The earliest memory came from Geoff Warren (warren96@msn.com) who lived through the Blitz. "I remember watching the action from the second floor window from my folk's semi-detached."

What do you miss about home?

Pubs come high up on the expat Mancunian "missed list", as well as the friendliness, cameraderie and sense of humour to be found in them. Other things they long for are football, especially United and City, old buildings, the countryside, baker's shops, the public transport system, delivered milk, fires, snow, white Christmases, wine gums, Eccles cakes, fish and chips, pub sing-a-longs, black pudding and stores such as Marks and Spencer's and Quicksave.

Boddingtons is the subject of frequent expat fantasies, and is frequently quoted as a symbol of Manchester. A remarkable number of people said they missed pies, especially those made by Hollands. One respondent specified that no other brand would do. Ray Mooney (Ray.Mooney@airservices.gov.au) said he'd even had dreams about pies made by Hollands.

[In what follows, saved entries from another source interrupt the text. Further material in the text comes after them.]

(* Let $\mathbb D$ be a commutative ring with identity. For every integer $n\ge1$, $$TS\mathcal A_n\big/\bigl(TS\mathcal A_n\cap\gamma_2(TS\mathcal R_n)\bigr)\cong TS\mathcal A_1=\left\{\begin{pmatrix}1&0\\ \alpha&1\end{pmatrix}:\alpha\in\mathbb D\right\}\cong \mathbb D,$$ and, regarding $S\mathcal R$ as an abstract group, $$S\mathcal A\big/\bigl(S\mathcal A\cap\gamma_2(S\mathcal R)\bigr)=S\mathcal A/\mathcal A_1\cong TS\mathcal A_1\cong\mathbb D,$$ where $\mathbb D$ denotes the additive group of the ring.
   Context: For a commutative ring $\mathbb D$ with identity, the Riordan group $\mathcal R(\mathbb D)$ consists of pairs $(g,f)$ of formal power series $g=\sum_{k\ge0}g_kt^k$, $f=\sum_{k\ge1}f_kt^k$ in $\mathbb D[[t]]$ with $g_0,f_1$ units, identified with the lower triangular matrices $(d_{n,k})$, $d_{n,k}=[t^n]g f^k$; the product is $(g_1,f_1)(g_2,f_2)=(g_1\cdot(g_2\circ f_1),\,f_2\circ f_1)$. $S\mathcal R=S\mathcal R(\mathbb D)$ is the subgroup with $g_0=1$, $f_1=1$. $S\mathcal A$ is the S-Appell subgroup $\{(g,t): g_0=1\}$, and $\mathcal A_1=\{(g,t): g\equiv 1 \pmod{t^2}\}$. For $n\ge0$, $TS\mathcal R_n$ and $TS\mathcal A_n$ are the groups of $(n+1)\times(n+1)$ upper-left truncations $(d_{i,j})_{0\le i,j\le n}$ of elements of $S\mathcal R$ and $S\mathcal A$ respectively. $\gamma_2(G)$ is the (abstract) commutator subgroup of $G$. *)

theory Defs
  imports "HOL-Computational_Algebra.Formal_Power_Series" "HOL-Algebra.Algebra"
begin

definition SR_carrier :: "('a::comm_ring_1 fps \<times> 'a fps) set" where
  "SR_carrier = {(g, f). fps_nth g 0 = 1 \<and> fps_nth f 0 = 0 \<and> fps_nth f 1 = 1}"

definition riordan_mult :: "'a::comm_ring_1 fps \<times> 'a fps \<Rightarrow> 'a fps \<times> 'a fps \<Rightarrow> 'a fps \<times> 'a fps" where
  "riordan_mult p q = (fst p * (fst q oo snd p), snd q oo snd p)"

definition SR :: "('a::comm_ring_1 fps \<times> 'a fps) monoid" where
  "SR = \<lparr>carrier = SR_carrier, mult = riordan_mult, one = (1, fps_X)\<rparr>"

definition SA_carrier :: "('a::comm_ring_1 fps \<times> 'a fps) set" where
  "SA_carrier = {(g, fps_X) | g. fps_nth g 0 = 1}"

definition SA :: "('a::comm_ring_1 fps \<times> 'a fps) monoid" where
  "SA = SR\<lparr>carrier := SA_carrier\<rparr>"

definition A1_carrier :: "('a::comm_ring_1 fps \<times> 'a fps) set" where
  "A1_carrier = {(g, fps_X) | g. fps_nth g 0 = 1 \<and> fps_nth g 1 = 0}"

definition riordan_mat :: "'a::comm_ring_1 fps \<times> 'a fps \<Rightarrow> nat \<Rightarrow> nat \<Rightarrow> 'a" where
  "riordan_mat p i k = fps_nth (fst p * snd p ^ k) i"

text \<open>(n+1)x(n+1) matrices with indices 0..n are represented as functions
  nat => nat => 'a which vanish outside {0..n} x {0..n}.\<close>
definition trunc_mat :: "nat \<Rightarrow> (nat \<Rightarrow> nat \<Rightarrow> 'a::zero) \<Rightarrow> nat \<Rightarrow> nat \<Rightarrow> 'a" where
  "trunc_mat n M i j = (if i \<le> n \<and> j \<le> n then M i j else 0)"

Tony & Lynda Langham (tonylang@OntheNet.com.au), now living on the Gold Coast, Queensland Australia, left Manchester in 1965. They especially miss the old buildings and sense of history here, as well as pubs, fires and snow. They run a family history website (http://www.onthenet.com.au/~tonylang/Mainpage.html) and are closely associated with the Manchester and Lancashire Family History Society.

And Lynda and Bernard Youel (youel@tower.net.au) in Perth, Australia miss "good old fashioned pubs, friendly people and good quality shopping!"

Expats frequently lament the absence of close relatives. Brenda Wright (mailto:macbren@academy.net.au), nee Core, a resident of Australia for 33 years, but originally from Stalybridge, misses her brother and sister-in-law in Audenshaw. She also pines for things like real English fish and chips and mushy peas, Hollands steak and kidney pudding, Ashton and Oldham markets, Coronation St and good English comedy on TV.

A woman in Brisbane, Australia had this to say: "I miss the close contact of family and friends. I miss staying out till late at night when the days are long and the nights are light. I miss fish and chips wrapped in newspaper and soaked in vinegar. I miss the snow and white Christmases."